◆ RECORDS SHOWN
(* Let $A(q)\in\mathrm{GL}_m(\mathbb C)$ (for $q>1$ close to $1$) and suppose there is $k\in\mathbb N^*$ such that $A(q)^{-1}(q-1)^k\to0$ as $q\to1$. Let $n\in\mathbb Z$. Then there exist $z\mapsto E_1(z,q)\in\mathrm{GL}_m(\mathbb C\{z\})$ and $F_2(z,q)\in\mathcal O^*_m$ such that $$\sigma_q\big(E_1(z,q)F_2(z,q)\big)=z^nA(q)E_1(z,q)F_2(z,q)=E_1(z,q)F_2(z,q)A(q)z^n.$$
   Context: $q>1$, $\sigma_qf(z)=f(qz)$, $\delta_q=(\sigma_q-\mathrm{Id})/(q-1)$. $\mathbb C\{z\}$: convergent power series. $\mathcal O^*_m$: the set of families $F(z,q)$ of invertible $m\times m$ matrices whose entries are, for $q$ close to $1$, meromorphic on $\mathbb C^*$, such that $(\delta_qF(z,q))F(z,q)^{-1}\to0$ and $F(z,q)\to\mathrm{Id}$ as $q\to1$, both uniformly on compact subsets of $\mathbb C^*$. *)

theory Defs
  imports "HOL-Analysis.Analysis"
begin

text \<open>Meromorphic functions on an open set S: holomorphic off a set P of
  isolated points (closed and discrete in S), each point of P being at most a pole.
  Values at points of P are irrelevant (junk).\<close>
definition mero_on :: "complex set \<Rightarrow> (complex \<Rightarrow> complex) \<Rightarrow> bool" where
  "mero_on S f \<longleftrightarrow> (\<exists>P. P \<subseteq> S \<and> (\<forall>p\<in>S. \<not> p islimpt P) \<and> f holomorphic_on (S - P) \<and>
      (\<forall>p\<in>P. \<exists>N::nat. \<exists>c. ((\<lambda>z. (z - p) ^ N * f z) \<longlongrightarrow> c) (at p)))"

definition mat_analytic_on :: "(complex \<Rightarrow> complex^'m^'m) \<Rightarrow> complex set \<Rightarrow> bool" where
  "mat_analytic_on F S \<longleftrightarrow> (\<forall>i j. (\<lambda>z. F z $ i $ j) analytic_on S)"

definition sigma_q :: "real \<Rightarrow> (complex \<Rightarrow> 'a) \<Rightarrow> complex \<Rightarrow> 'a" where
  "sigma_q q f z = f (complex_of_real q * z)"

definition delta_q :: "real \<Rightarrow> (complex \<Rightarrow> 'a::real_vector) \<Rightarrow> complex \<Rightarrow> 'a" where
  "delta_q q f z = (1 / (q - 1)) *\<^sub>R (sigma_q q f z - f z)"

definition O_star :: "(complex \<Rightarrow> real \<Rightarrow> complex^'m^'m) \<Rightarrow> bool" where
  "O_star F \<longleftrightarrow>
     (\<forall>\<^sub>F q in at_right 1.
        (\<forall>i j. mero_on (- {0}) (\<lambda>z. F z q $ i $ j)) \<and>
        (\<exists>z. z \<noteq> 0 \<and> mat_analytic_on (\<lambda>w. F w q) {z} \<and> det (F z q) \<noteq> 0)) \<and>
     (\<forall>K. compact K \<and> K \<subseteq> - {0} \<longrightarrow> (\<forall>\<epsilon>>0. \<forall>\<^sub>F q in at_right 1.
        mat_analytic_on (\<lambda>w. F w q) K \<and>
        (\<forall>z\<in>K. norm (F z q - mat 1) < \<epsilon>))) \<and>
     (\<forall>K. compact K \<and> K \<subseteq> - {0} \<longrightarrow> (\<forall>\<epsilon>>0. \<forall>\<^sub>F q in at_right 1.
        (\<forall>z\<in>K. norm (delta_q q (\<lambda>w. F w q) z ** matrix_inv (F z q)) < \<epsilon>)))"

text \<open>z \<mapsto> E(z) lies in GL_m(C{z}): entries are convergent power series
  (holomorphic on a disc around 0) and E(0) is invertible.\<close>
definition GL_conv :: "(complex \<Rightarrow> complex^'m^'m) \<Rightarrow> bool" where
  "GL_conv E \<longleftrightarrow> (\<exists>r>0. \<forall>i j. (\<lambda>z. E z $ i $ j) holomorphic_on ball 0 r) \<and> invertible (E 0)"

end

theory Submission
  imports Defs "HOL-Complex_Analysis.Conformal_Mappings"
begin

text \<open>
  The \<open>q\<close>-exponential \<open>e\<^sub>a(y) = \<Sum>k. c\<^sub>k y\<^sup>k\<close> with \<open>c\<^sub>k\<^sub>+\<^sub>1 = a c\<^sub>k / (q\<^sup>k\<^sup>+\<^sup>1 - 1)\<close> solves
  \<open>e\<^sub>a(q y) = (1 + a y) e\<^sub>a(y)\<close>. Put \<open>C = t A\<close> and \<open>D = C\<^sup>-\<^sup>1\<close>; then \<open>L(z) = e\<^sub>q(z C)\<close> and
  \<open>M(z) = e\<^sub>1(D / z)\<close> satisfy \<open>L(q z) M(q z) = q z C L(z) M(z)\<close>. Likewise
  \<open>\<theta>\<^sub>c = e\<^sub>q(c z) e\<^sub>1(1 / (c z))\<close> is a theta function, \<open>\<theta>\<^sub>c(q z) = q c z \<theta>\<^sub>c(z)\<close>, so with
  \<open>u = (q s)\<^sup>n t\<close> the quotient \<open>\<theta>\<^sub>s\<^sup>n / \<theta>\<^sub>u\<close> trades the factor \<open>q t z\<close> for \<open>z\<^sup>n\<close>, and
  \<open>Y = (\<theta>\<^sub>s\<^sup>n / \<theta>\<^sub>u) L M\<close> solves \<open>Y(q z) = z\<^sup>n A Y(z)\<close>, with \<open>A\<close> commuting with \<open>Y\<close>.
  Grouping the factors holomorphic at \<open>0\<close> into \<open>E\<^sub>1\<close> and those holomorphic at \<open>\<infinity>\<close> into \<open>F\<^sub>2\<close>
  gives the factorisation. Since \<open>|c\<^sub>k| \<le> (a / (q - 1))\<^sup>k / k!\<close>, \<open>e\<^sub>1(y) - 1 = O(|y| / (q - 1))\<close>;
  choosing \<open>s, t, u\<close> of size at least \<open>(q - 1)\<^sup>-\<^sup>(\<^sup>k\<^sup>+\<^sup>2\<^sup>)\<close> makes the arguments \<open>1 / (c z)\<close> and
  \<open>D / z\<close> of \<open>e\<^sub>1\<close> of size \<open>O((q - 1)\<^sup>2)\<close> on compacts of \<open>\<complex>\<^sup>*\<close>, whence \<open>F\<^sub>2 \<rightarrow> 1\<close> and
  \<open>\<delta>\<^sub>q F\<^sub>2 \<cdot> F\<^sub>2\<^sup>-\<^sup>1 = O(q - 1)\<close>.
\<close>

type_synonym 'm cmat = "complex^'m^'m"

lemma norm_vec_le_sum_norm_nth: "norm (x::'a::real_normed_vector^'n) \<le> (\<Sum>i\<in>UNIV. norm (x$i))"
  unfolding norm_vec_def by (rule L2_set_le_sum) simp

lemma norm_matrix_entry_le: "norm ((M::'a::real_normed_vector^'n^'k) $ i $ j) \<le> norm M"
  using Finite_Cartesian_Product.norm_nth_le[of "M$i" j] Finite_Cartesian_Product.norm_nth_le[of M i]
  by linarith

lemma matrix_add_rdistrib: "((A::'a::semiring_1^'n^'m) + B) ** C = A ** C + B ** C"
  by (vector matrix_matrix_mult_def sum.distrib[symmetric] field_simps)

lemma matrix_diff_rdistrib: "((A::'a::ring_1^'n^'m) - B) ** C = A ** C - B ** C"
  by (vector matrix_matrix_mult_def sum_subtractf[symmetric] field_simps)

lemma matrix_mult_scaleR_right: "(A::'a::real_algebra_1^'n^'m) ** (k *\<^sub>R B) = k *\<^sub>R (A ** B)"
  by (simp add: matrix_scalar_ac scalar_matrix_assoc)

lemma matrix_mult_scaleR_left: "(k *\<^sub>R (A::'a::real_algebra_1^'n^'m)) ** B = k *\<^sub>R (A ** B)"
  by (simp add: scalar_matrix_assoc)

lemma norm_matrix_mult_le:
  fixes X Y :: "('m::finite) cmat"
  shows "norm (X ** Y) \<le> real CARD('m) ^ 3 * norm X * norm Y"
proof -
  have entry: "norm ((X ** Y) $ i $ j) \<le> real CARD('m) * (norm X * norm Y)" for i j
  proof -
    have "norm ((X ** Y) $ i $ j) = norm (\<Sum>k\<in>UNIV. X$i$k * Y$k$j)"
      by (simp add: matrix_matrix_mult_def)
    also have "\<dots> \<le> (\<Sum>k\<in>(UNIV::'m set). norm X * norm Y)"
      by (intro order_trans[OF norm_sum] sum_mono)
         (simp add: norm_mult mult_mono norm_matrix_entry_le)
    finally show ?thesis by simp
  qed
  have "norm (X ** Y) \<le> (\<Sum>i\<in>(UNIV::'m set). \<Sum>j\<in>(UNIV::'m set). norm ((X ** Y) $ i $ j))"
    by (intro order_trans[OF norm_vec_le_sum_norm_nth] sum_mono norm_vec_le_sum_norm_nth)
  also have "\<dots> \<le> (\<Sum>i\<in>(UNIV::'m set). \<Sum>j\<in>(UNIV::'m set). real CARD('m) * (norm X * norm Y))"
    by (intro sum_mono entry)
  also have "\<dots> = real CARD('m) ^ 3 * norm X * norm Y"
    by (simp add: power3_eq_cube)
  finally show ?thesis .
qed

◆ EXERCISE BRIEF
In the data above, how many lines include the word "mathbb"? Answer with the number only.

◆ TASK RESULT
2